## Exercise brief
A faithful copy is needed. Set down all of the data below exactly.

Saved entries
Segment Open
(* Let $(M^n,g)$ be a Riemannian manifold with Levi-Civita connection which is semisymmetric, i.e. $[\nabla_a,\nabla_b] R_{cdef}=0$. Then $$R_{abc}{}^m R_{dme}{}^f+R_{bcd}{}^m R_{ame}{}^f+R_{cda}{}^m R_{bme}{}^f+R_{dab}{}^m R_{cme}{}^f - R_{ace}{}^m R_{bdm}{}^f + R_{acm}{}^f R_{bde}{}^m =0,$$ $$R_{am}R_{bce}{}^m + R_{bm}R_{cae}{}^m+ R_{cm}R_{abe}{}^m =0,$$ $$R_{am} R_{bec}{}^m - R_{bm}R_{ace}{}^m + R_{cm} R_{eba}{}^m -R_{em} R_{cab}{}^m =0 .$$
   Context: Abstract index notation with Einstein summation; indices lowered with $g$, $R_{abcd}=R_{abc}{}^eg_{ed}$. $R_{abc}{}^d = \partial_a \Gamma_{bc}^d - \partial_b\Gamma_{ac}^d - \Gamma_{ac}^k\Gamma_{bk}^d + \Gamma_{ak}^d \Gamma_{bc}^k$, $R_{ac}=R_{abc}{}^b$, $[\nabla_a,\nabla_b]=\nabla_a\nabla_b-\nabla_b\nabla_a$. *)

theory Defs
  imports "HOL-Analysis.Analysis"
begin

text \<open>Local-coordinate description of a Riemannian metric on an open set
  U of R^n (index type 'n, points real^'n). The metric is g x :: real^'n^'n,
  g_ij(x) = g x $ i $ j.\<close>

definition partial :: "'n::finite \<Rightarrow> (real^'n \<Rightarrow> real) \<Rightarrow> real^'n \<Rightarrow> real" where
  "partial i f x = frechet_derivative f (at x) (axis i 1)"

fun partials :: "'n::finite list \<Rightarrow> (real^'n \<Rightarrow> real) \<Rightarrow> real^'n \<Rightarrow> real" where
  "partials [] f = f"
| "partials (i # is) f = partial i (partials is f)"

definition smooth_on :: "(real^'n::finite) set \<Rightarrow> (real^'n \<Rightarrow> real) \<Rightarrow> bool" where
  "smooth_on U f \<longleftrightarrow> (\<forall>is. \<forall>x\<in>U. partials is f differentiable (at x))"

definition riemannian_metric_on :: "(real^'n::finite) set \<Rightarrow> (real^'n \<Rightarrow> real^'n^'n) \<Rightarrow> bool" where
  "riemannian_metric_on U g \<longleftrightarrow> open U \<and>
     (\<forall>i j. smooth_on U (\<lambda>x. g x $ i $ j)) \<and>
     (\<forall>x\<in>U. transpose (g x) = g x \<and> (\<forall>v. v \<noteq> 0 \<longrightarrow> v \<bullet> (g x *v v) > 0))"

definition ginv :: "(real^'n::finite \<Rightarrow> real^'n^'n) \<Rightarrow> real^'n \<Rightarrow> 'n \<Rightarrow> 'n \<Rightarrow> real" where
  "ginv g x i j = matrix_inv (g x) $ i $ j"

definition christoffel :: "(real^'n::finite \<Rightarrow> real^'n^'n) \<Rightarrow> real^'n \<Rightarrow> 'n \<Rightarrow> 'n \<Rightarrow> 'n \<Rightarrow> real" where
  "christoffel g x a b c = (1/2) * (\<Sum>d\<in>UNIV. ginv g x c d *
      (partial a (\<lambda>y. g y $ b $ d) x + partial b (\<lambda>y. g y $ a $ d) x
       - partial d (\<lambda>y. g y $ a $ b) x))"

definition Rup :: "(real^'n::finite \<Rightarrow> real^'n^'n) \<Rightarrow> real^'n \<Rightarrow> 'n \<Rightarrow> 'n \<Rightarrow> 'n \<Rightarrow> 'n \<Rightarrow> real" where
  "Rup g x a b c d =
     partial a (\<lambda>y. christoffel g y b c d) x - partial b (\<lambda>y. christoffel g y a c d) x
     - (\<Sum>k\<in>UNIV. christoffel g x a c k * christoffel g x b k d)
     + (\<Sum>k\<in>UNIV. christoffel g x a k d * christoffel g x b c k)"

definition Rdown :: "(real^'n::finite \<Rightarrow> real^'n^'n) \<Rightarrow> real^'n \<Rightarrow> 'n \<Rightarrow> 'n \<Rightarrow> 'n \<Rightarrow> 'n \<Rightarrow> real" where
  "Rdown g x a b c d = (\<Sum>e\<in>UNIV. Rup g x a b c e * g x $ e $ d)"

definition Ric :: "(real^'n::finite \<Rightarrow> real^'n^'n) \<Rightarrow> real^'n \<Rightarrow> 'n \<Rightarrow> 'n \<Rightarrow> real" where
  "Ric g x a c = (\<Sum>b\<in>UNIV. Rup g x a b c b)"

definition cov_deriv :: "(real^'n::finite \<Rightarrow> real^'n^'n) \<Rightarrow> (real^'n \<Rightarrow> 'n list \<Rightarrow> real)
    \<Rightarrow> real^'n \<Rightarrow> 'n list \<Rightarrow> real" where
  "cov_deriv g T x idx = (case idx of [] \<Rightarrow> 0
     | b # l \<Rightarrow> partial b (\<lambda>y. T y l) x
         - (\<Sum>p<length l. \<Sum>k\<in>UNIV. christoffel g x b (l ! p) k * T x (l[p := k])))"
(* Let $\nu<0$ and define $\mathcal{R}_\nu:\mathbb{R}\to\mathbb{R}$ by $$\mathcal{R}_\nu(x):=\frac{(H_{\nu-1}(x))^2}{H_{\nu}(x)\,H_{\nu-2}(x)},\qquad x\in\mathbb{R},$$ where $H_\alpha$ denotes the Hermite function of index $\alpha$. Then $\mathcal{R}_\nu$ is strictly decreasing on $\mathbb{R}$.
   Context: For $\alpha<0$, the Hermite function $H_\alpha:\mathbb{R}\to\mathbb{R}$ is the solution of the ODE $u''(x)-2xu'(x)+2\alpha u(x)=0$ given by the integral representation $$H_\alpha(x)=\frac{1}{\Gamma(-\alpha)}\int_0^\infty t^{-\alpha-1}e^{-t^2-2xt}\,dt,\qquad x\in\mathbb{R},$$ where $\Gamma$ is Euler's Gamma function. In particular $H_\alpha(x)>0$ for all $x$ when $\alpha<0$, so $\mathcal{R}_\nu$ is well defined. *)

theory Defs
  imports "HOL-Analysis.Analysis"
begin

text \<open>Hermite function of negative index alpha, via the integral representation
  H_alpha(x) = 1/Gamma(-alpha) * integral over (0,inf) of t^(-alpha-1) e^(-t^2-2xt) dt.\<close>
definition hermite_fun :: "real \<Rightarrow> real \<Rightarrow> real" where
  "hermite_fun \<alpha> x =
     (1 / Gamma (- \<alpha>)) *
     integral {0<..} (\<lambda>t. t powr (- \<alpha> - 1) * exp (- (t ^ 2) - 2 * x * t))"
Segment Closed
## Expected output
(* Let $(M^n,g)$ be a Riemannian manifold with Levi-Civita connection which is semisymmetric, i.e. $[\nabla_a,\nabla_b] R_{cdef}=0$. Then $$R_{abc}{}^m R_{dme}{}^f+R_{bcd}{}^m R_{ame}{}^f+R_{cda}{}^m R_{bme}{}^f+R_{dab}{}^m R_{cme}{}^f - R_{ace}{}^m R_{bdm}{}^f + R_{acm}{}^f R_{bde}{}^m =0,$$ $$R_{am}R_{bce}{}^m + R_{bm}R_{cae}{}^m+ R_{cm}R_{abe}{}^m =0,$$ $$R_{am} R_{bec}{}^m - R_{bm}R_{ace}{}^m + R_{cm} R_{eba}{}^m -R_{em} R_{cab}{}^m =0 .$$
   Context: Abstract index notation with Einstein summation; indices lowered with $g$, $R_{abcd}=R_{abc}{}^eg_{ed}$. $R_{abc}{}^d = \partial_a \Gamma_{bc}^d - \partial_b\Gamma_{ac}^d - \Gamma_{ac}^k\Gamma_{bk}^d + \Gamma_{ak}^d \Gamma_{bc}^k$, $R_{ac}=R_{abc}{}^b$, $[\nabla_a,\nabla_b]=\nabla_a\nabla_b-\nabla_b\nabla_a$. *)

theory Defs
  imports "HOL-Analysis.Analysis"
begin

text \<open>Local-coordinate description of a Riemannian metric on an open set
  U of R^n (index type 'n, points real^'n). The metric is g x :: real^'n^'n,
  g_ij(x) = g x $ i $ j.\<close>

definition partial :: "'n::finite \<Rightarrow> (real^'n \<Rightarrow> real) \<Rightarrow> real^'n \<Rightarrow> real" where
  "partial i f x = frechet_derivative f (at x) (axis i 1)"

fun partials :: "'n::finite list \<Rightarrow> (real^'n \<Rightarrow> real) \<Rightarrow> real^'n \<Rightarrow> real" where
  "partials [] f = f"
| "partials (i # is) f = partial i (partials is f)"

definition smooth_on :: "(real^'n::finite) set \<Rightarrow> (real^'n \<Rightarrow> real) \<Rightarrow> bool" where
  "smooth_on U f \<longleftrightarrow> (\<forall>is. \<forall>x\<in>U. partials is f differentiable (at x))"

definition riemannian_metric_on :: "(real^'n::finite) set \<Rightarrow> (real^'n \<Rightarrow> real^'n^'n) \<Rightarrow> bool" where
  "riemannian_metric_on U g \<longleftrightarrow> open U \<and>
     (\<forall>i j. smooth_on U (\<lambda>x. g x $ i $ j)) \<and>
     (\<forall>x\<in>U. transpose (g x) = g x \<and> (\<forall>v. v \<noteq> 0 \<longrightarrow> v \<bullet> (g x *v v) > 0))"

definition ginv :: "(real^'n::finite \<Rightarrow> real^'n^'n) \<Rightarrow> real^'n \<Rightarrow> 'n \<Rightarrow> 'n \<Rightarrow> real" where
  "ginv g x i j = matrix_inv (g x) $ i $ j"

definition christoffel :: "(real^'n::finite \<Rightarrow> real^'n^'n) \<Rightarrow> real^'n \<Rightarrow> 'n \<Rightarrow> 'n \<Rightarrow> 'n \<Rightarrow> real" where
  "christoffel g x a b c = (1/2) * (\<Sum>d\<in>UNIV. ginv g x c d *
      (partial a (\<lambda>y. g y $ b $ d) x + partial b (\<lambda>y. g y $ a $ d) x
       - partial d (\<lambda>y. g y $ a $ b) x))"

definition Rup :: "(real^'n::finite \<Rightarrow> real^'n^'n) \<Rightarrow> real^'n \<Rightarrow> 'n \<Rightarrow> 'n \<Rightarrow> 'n \<Rightarrow> 'n \<Rightarrow> real" where
  "Rup g x a b c d =
     partial a (\<lambda>y. christoffel g y b c d) x - partial b (\<lambda>y. christoffel g y a c d) x
     - (\<Sum>k\<in>UNIV. christoffel g x a c k * christoffel g x b k d)
     + (\<Sum>k\<in>UNIV. christoffel g x a k d * christoffel g x b c k)"

definition Rdown :: "(real^'n::finite \<Rightarrow> real^'n^'n) \<Rightarrow> real^'n \<Rightarrow> 'n \<Rightarrow> 'n \<Rightarrow> 'n \<Rightarrow> 'n \<Rightarrow> real" where
  "Rdown g x a b c d = (\<Sum>e\<in>UNIV. Rup g x a b c e * g x $ e $ d)"

definition Ric :: "(real^'n::finite \<Rightarrow> real^'n^'n) \<Rightarrow> real^'n \<Rightarrow> 'n \<Rightarrow> 'n \<Rightarrow> real" where
  "Ric g x a c = (\<Sum>b\<in>UNIV. Rup g x a b c b)"

definition cov_deriv :: "(real^'n::finite \<Rightarrow> real^'n^'n) \<Rightarrow> (real^'n \<Rightarrow> 'n list \<Rightarrow> real)
    \<Rightarrow> real^'n \<Rightarrow> 'n list \<Rightarrow> real" where
  "cov_deriv g T x idx = (case idx of [] \<Rightarrow> 0
     | b # l \<Rightarrow> partial b (\<lambda>y. T y l) x
         - (\<Sum>p<length l. \<Sum>k\<in>UNIV. christoffel g x b (l ! p) k * T x (l[p := k])))"
(* Let $\nu<0$ and define $\mathcal{R}_\nu:\mathbb{R}\to\mathbb{R}$ by $$\mathcal{R}_\nu(x):=\frac{(H_{\nu-1}(x))^2}{H_{\nu}(x)\,H_{\nu-2}(x)},\qquad x\in\mathbb{R},$$ where $H_\alpha$ denotes the Hermite function of index $\alpha$. Then $\mathcal{R}_\nu$ is strictly decreasing on $\mathbb{R}$.
   Context: For $\alpha<0$, the Hermite function $H_\alpha:\mathbb{R}\to\mathbb{R}$ is the solution of the ODE $u''(x)-2xu'(x)+2\alpha u(x)=0$ given by the integral representation $$H_\alpha(x)=\frac{1}{\Gamma(-\alpha)}\int_0^\infty t^{-\alpha-1}e^{-t^2-2xt}\,dt,\qquad x\in\mathbb{R},$$ where $\Gamma$ is Euler's Gamma function. In particular $H_\alpha(x)>0$ for all $x$ when $\alpha<0$, so $\mathcal{R}_\nu$ is well defined. *)

theory Defs
  imports "HOL-Analysis.Analysis"
begin

text \<open>Hermite function of negative index alpha, via the integral representation
  H_alpha(x) = 1/Gamma(-alpha) * integral over (0,inf) of t^(-alpha-1) e^(-t^2-2xt) dt.\<close>
definition hermite_fun :: "real \<Rightarrow> real \<Rightarrow> real" where
  "hermite_fun \<alpha> x =
     (1 / Gamma (- \<alpha>)) *
     integral {0<..} (\<lambda>t. t powr (- \<alpha> - 1) * exp (- (t ^ 2) - 2 * x * t))"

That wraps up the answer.